It’s time for a new IT disaster recovery plan
Posted by Matt Weston - 04 January 2018
Last updated 3PM NZDT on 16 January 2018
Two major vulnerabilities have been demonstrated in CPUs which break down the boundaries between Virtual Machines and Applications.
With the code supplied by the research team, it’s possible to craft a malicious application which can read the memory of another application or virtual machine - potentially leaking secret information (like passwords, or database records).
These vulnerabilities are known as “Meltdown” and “Spectre” - or more formally CVE-2017-5754 (Meltdown) and CVE-2017-5753/CVE-2017-5715 (Spectre).
Patches are becoming available, but there have been a couple of false starts, and some vendors have reccomended rolling back patches.
Metdown and Spectre information is still evolving rapidly, and we expect more news to come.
Meltdown affects the “Virtualization Host” layer - allowing virtual machines within the same physical host to read each other’s memory.
At this stage, it is known to affect Intel CPUs - AMD has specifically claimed that they are unaffected by Meltdown. So far this has not been confirmed.
Spectre occurs with the virtual (or physical) machine itself - eg a Server, Laptop, etc. It allows applications to read each other’s memory within a running machine.
At this stage, this has been confirmed to affect Intel CPUs as far back as 2011 as well as AMD CPUs. It’s possible that all CPU (including ARM) may be affected by Spectre.
In both vulnerabilities, the result is that it’s possible for an attacker to read information from memory that developers would have (reasonably!) assumed would be protected by the operating system, or virtualization host.
Patches are becoming available now - but at this stage the biggest risk appears to be for systems in “hosted” environments - either shared hosting, or cloud providers. This is because a number of different customers may share the same physical host layer, which broadens the possibility of an attack.
Patches are being released out of band (i.e. before Microsoft’s normal ‘Patch Tuesday’), and are being made available. We’ll keep this article updated as more patches come to light. This vulnerability was initially embargoed until January 9, however due to media interest and investigation, the information was released early to minimise speculation about the vulnerability. As such, not all patches are available yet.
The patches that have been released so far have triggered unexpected bugs in both software and drivers, and was completely incompatible with some Antivirus software. As such, Microsoft has required that Antivirus vendors specifically flag compatibility with the Spectre patch before it is applied. You can read more about this at Ars Technica.
Intel has released a Microcode update for their Haswell and Broadwell CPUs - but this has also caused unexpected issues, and VMWare has recomended that customers avoid installing this update, and if possible, roll back to a prior version.
At this stage, the best option appears to be to push hard with workstation patches, and approach servers more cautiously. While there has been some incompatiblity and performance loss with workstations, the benefits of having the patches in place definitely outweighs the risk of going unprotected. For servers, at present we've moved to a "patch cautiously" mode. Since it's unusual for servers to run untrusted code anyway, the risk is partially mitigated. We've opted to tighten up the restrictions on what can be run on production environments until performance impact and stability can be fully assessed.
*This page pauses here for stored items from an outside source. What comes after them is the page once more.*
(* Fix $k$, $\theta^{(k-1)}\in\mathbb{R}^d$, step sizes $h_k,h_{k-1}>0$, $\beta_k\ge0$, and $p^{(k-1)}\in\mathbb{R}^d$; set $\theta^{(k)}=\theta^{(k-1)}+h_{k-1}p^{(k-1)}$, $v^{(k)}=D(\theta^{(k)})$, $v^{(k-1)}=D(\theta^{(k-1)})$ and $z^{(k-1)}\in\mathbb{R}^d$ with entries $z^{(k-1)}_i=(\psi^{(k)}_i,v^{(k)}-v^{(k-1)})_X$. Define the natural Heavy-Ball momentum $$p^{(k)}=\beta_k\,G_X^{(k)\dagger}G_X^{(k,k-1)}p^{(k-1)}-h_k\,G^{(k)\dagger}\nabla L(\theta^{(k)})$$ and the functional-difference momentum $$\widehat{p^{(k)}}=\frac{\beta_k}{h_{k-1}}\,G_X^{(k)\dagger}z^{(k-1)}-h_k\,G^{(k)\dagger}\nabla L(\theta^{(k)}).$$ Then $$\big\|\psi^{(k)T}\widehat{p^{(k)}}-\psi^{(k)T}p^{(k)}\big\|_X\le\frac{h_{k-1}}{2}\,\beta_k\,\kappa_{\max}(\theta^{(k-1)})\,\|p^{(k-1)}\|_2^2+o\big(h_{k-1}\|p^{(k-1)}\|_2^2\big),$$ where the remainder is understood as $h_{k-1}\|p^{(k-1)}\|_2\to0$ with $\theta^{(k-1)}$ fixed.
   Context: $D:\mathbb{R}^d\to H$ is a twice continuously Fréchet differentiable map into a space $H$ of functions equipped with an inner product $(\cdot,\cdot)_X$ and norm $\|\cdot\|_X$. Write $\psi(\theta)=(\psi_1(\theta),\dots,\psi_d(\theta))$ with $\psi_i(\theta)=\frac{\partial D}{\partial\theta_i}(\theta)$, and for $c\in\mathbb{R}^d$, $\psi(\theta)^Tc=\sum_i c_i\psi_i(\theta)$. Let $\psi^{(j)}=\psi(\theta^{(j)})$. $G_X^{(k)}$ is the $d\times d$ Gram matrix with entries $(\psi^{(k)}_i,\psi^{(k)}_j)_X$, $G_X^{(k,k-1)}$ the cross-Gram matrix with entries $(\psi^{(k)}_i,\psi^{(k-1)}_j)_X$, and $\dagger$ denotes the Moore–Penrose pseudo-inverse. $G^{(k)}$ is any symmetric positive semi-definite $d\times d$ matrix and $\nabla L(\theta^{(k)})\in\mathbb{R}^d$ the gradient of the parameter loss $L=\mathcal{L}\circ D$; these terms are the same in both momenta. $H_D(\theta):\mathbb{R}^d\times\mathbb{R}^d\to H$ denotes the second derivative of $D$ at $\theta$, and $\kappa_{\max}(\theta)=\max_{q\in\mathbb{R}^d,\|q\|_2=1}\|H_D(\theta)(q,q)\|_X$. *)

theory Defs
  imports "HOL-Analysis.Analysis"
begin

text \<open>Parameters live in real^'d (Euclidean norm), the function space H is an abstract
real inner product space 'h. DD :: real^'d => (real^'d =>L 'h) is the first Frechet derivative
of D, DD2 the second one.\<close>

definition psi :: "(real^'d \<Rightarrow> ((real^'d) \<Rightarrow>\<^sub>L 'h::real_normed_vector)) \<Rightarrow> real^'d \<Rightarrow> 'd \<Rightarrow> 'h" where
  "psi DD \<theta> i = blinfun_apply (DD \<theta>) (axis i 1)"

definition psiT :: "(real^'d \<Rightarrow> ((real^'d) \<Rightarrow>\<^sub>L 'h::real_normed_vector)) \<Rightarrow> real^'d \<Rightarrow> real^'d \<Rightarrow> 'h" where
  "psiT DD \<theta> c = (\<Sum>i\<in>UNIV. (c $ i) *\<^sub>R psi DD \<theta> i)"

definition gramX :: "(real^'d \<Rightarrow> ((real^'d) \<Rightarrow>\<^sub>L 'h::real_inner)) \<Rightarrow> real^'d \<Rightarrow> real^'d^'d" where
  "gramX DD \<theta> = (\<chi> i j. inner (psi DD \<theta> i) (psi DD \<theta> j))"

definition cross_gramX :: "(real^'d \<Rightarrow> ((real^'d) \<Rightarrow>\<^sub>L 'h::real_inner)) \<Rightarrow> real^'d \<Rightarrow> real^'d \<Rightarrow> real^'d^'d" where
  "cross_gramX DD \<theta> \<theta>' = (\<chi> i j. inner (psi DD \<theta> i) (psi DD \<theta>' j))"

definition pinv :: "real^'n^'n \<Rightarrow> real^'n^'n" where
  "pinv A = (THE X. A ** X ** A = A \<and> X ** A ** X = X \<and>
                    transpose (A ** X) = A ** X \<and> transpose (X ** A) = X ** A)"

definition kappa_max :: "(real^'d \<Rightarrow> ((real^'d) \<Rightarrow>\<^sub>L ((real^'d) \<Rightarrow>\<^sub>L 'h::real_normed_vector))) \<Rightarrow> real^'d \<Rightarrow> real" where
  "kappa_max DD2 \<theta> = (SUP q\<in>sphere 0 1. norm (blinfun_apply (blinfun_apply (DD2 \<theta>) q) q))"

text \<open>Natural Heavy-Ball momentum p^(k) at theta^(k) = theta1, previous iterate theta0.\<close>
definition hb_momentum ::
  "(real^'d \<Rightarrow> ((real^'d) \<Rightarrow>\<^sub>L 'h::real_inner)) \<Rightarrow> real^'d^'d \<Rightarrow> real^'d \<Rightarrow>
   real \<Rightarrow> real \<Rightarrow> real^'d \<Rightarrow> real^'d \<Rightarrow> real^'d \<Rightarrow> real^'d" where
  "hb_momentum DD Gk gradLk \<beta> hk \<theta>0 \<theta>1 p =
     \<beta> *\<^sub>R (pinv (gramX DD \<theta>1) *v (cross_gramX DD \<theta>1 \<theta>0 *v p)) - hk *\<^sub>R (pinv Gk *v gradLk)"

definition zvec :: "(real^'d \<Rightarrow> 'h::real_inner) \<Rightarrow> (real^'d \<Rightarrow> ((real^'d) \<Rightarrow>\<^sub>L 'h)) \<Rightarrow>
   real^'d \<Rightarrow> real^'d \<Rightarrow> real^'d" where
  "zvec D DD \<theta>0 \<theta>1 = (\<chi> i. inner (psi DD \<theta>1 i) (D \<theta>1 - D \<theta>0))"

definition fd_momentum ::
  "(real^'d \<Rightarrow> 'h::real_inner) \<Rightarrow> (real^'d \<Rightarrow> ((real^'d) \<Rightarrow>\<^sub>L 'h)) \<Rightarrow> real^'d^'d \<Rightarrow> real^'d \<Rightarrow>
   real \<Rightarrow> real \<Rightarrow> real \<Rightarrow> real^'d \<Rightarrow> real^'d \<Rightarrow> real^'d" where
  "fd_momentum D DD Gk gradLk \<beta> hk hprev \<theta>0 \<theta>1 =
     (\<beta> / hprev) *\<^sub>R (pinv (gramX DD \<theta>1) *v zvec D DD \<theta>0 \<theta>1) - hk *\<^sub>R (pinv Gk *v gradLk)"

end

theory Submission
  imports Defs
begin

text \<open>Write \<open>\<theta>1 = \<theta>0 + h p\<close>, let \<open>L\<close> be the derivative of \<open>D\<close> at \<open>\<theta>1\<close> (so \<open>\<psi>(\<theta>1)\<^sup>T c = L c\<close>)
  and \<open>L\<^sup>*\<close> its adjoint. Then \<open>G\<^sub>X(\<theta>1) = L\<^sup>* L\<close>, \<open>G\<^sub>X(\<theta>1,\<theta>0) p = L\<^sup>* (D'(\<theta>0) p)\<close> and
  \<open>z = L\<^sup>* (D \<theta>1 - D \<theta>0)\<close>. The gradient terms of the two momenta cancel, leaving \<open>\<beta>/h\<close> times
  \<open>L G\<^sub>X(\<theta>1)\<^sup>\<dagger> L\<^sup>*\<close> applied to the first-order Taylor remainder \<open>r = D \<theta>1 - D \<theta>0 - h D'(\<theta>0) p\<close>.
  That operator is the orthogonal projection onto the span of the \<open>\<psi>\<^sub>i(\<theta>1)\<close>, hence a
  contraction, and by second-order Taylor expansion \<open>r = h\<^sup>2/2 H\<^sub>D(\<theta>0)(p,p) + o(h\<^sup>2 |p|\<^sup>2)\<close>
  with \<open>|H\<^sub>D(\<theta>0)(p,p)| \<le> \<kappa>\<^sub>m\<^sub>a\<^sub>x(\<theta>0) |p|\<^sup>2\<close>.\<close>

definition is_pseudo_inverse :: "real^'n^'n \<Rightarrow> real^'n^'n \<Rightarrow> bool" where
  "is_pseudo_inverse A X \<longleftrightarrow> A ** X ** A = A \<and> X ** A ** X = X \<and>
     transpose (A ** X) = A ** X \<and> transpose (X ** A) = X ** A"

lemma pseudo_inverse_unique:
  assumes "is_pseudo_inverse A X" "is_pseudo_inverse A Y"
  shows "X = Y"
proof -
  have X: "A ** X ** A = A" "X ** A ** X = X" "transpose (A ** X) = A ** X" "transpose (X ** A) = X ** A"
    using assms(1) by (auto simp: is_pseudo_inverse_def)
  have Y: "A ** Y ** A = A" "Y ** A ** Y = Y" "transpose (A ** Y) = A ** Y" "transpose (Y ** A) = Y ** A"
    using assms(2) by (auto simp: is_pseudo_inverse_def)
  have "X = X ** (A ** X)" using X by (simp add: matrix_mul_assoc)
  also have "\<dots> = X ** (transpose X ** transpose A)" using X by (metis matrix_transpose_mul)
  also have "\<dots> = X ** (transpose X ** transpose (A ** Y ** A))" using Y by simp
  also have "\<dots> = X ** (transpose (A ** X) ** transpose (A ** Y))"
    by (simp add: matrix_transpose_mul matrix_mul_assoc)
  also have "\<dots> = X ** A ** Y" using X Y by (simp add: matrix_mul_assoc)
  finally have XAY: "X = X ** A ** Y" .
  have "Y = Y ** A ** Y" using Y by simp
  also have "\<dots> = transpose A ** transpose Y ** Y" using Y by (metis matrix_transpose_mul)
  also have "\<dots> = transpose (A ** X ** A) ** transpose Y ** Y" using X by simp
  also have "\<dots> = transpose (X ** A) ** transpose (Y ** A) ** Y"
    by (simp add: matrix_transpose_mul matrix_mul_assoc)
  also have "\<dots> = X ** A ** (Y ** A ** Y)" by (simp only: X(4) Y(4) matrix_mul_assoc)
  also have "\<dots> = X ** A ** Y" using Y by simp
  finally show ?thesis using XAY by simp
qed

lemma transpose_eq_self_iff_self_adjoint:
  fixes M :: "real^'n^'n"
  shows "transpose M = M \<longleftrightarrow> (\<forall>x y. (M *v x) \<bullet> y = x \<bullet> (M *v y))"
proof
  assume "transpose M = M"
  then show "\<forall>x y. (M *v x) \<bullet> y = x \<bullet> (M *v y)"
    by (metis dot_lmul_matrix transpose_matrix_vector)
next
  assume "\<forall>x y. (M *v x) \<bullet> y = x \<bullet> (M *v y)"
  then have "(transpose M *v x) \<bullet> y = (M *v x) \<bullet> y" for x y
    by (metis dot_lmul_matrix transpose_matrix_vector)
  then have "transpose M *v x = M *v x" for x
    by (metis vector_eq_rdot)
  then show "transpose M = M"
    by (simp add: matrix_eq)
qed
For more details on this, see this link.
Given the nature of workloads on SQL Servers, the potential performance impact is a serious concern - especially given that SQL Servers are typically licensed per-core; and that a significant amount of per-core performance can be lost through these patches. Microsoft has released a guide on patching for SQL Server which specifically addresses performance impacts. Two features in particular, Kernel Virtual Address Shadowing (or KVAS) and Indirect Branch Prediction Mitigation Hardware Support (IBC) may not be required, depending on how your SQL Server is configured. This will have less performance impact on your server, but comes with the added risk that effectively some of the patches are effectively turned "off". Through our assessment, we've determined that many (but not all) of our SQL instances fall in to Scenario 2 - and are in the process of evaluating the performance trade-off for enabling these features in our environments.
As at 3PM NZDT on January 16, 2018
|Vendor||Virtualisation Host Layer (Meltdown)|
|Amazon Web Services (AWS)||Patched|
If you utilise other shared hosting services (e.g. local datacentres), you should reach out to them directly to confirm their status.